### How to complete this task
Write out, word for word, the part of the listing below that opens with the line containing "by (simp add: f_def" and closes with the line containing "finally show ?thesis", keeping both of those lines and adding no others.

### Data for processing
section \<open>Zero-free linear functionals on polynomials\<close>

lemma norm_exp_minus_partial_sum_le:
  fixes x z :: complex
  assumes "cmod z \<le> 1"
  shows "cmod (exp (x * z) - (\<Sum>k<m. x ^ k / fact k * z ^ k))
           \<le> exp (cmod x) - (\<Sum>k<m. cmod x ^ k / fact k)"
proof -
  define f where "f = (\<lambda>k. (x * z) ^ k /\<^sub>R fact k)"
  define g where "g = (\<lambda>k. cmod x ^ k /\<^sub>R fact k)"
  have "(\<lambda>k. f (k + m)) sums (exp (x * z) - (\<Sum>k<m. f k))"
    unfolding f_def by (rule sums_split_initial_segment[OF exp_converges])
  moreover have "(\<lambda>k. g (k + m)) sums (exp (cmod x) - (\<Sum>k<m. g k))"
    unfolding g_def by (rule sums_split_initial_segment[OF exp_converges])
  moreover have "norm (f k) \<le> g k" for k
  proof -
    have "norm (f k) = (cmod x * cmod z) ^ k / fact k"
      by (simp add: f_def norm_mult norm_power divide_inverse_commute)
    also have "\<dots> \<le> cmod x ^ k / fact k"
      using assms mult_left_le[of "cmod z" "cmod x"]
      by (intro divide_right_mono power_mono) auto
    finally show ?thesis
      by (simp add: g_def divide_inverse mult.commute)
  qed
  ultimately have "norm (exp (x * z) - (\<Sum>k<m. f k)) \<le> exp (cmod x) - (\<Sum>k<m. g k)"
    by (rule norm_sums_le)
  moreover have "(\<Sum>k<m. f k) = (\<Sum>k<m. x ^ k / fact k * z ^ k)"
    by (intro sum.cong refl) (simp add: f_def scaleR_conv_of_real power_mult_distrib field_simps)
  moreover have "(\<Sum>k<m. g k) = (\<Sum>k<m. cmod x ^ k / fact k)"
    by (intro sum.cong refl) (simp add: g_def divide_inverse)
  ultimately show ?thesis
    by simp
qed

### Result
      by (simp add: f_def norm_mult norm_power divide_inverse_commute)
    also have "\<dots> \<le> cmod x ^ k / fact k"
      using assms mult_left_le[of "cmod z" "cmod x"]
      by (intro divide_right_mono power_mono) auto
    finally show ?thesis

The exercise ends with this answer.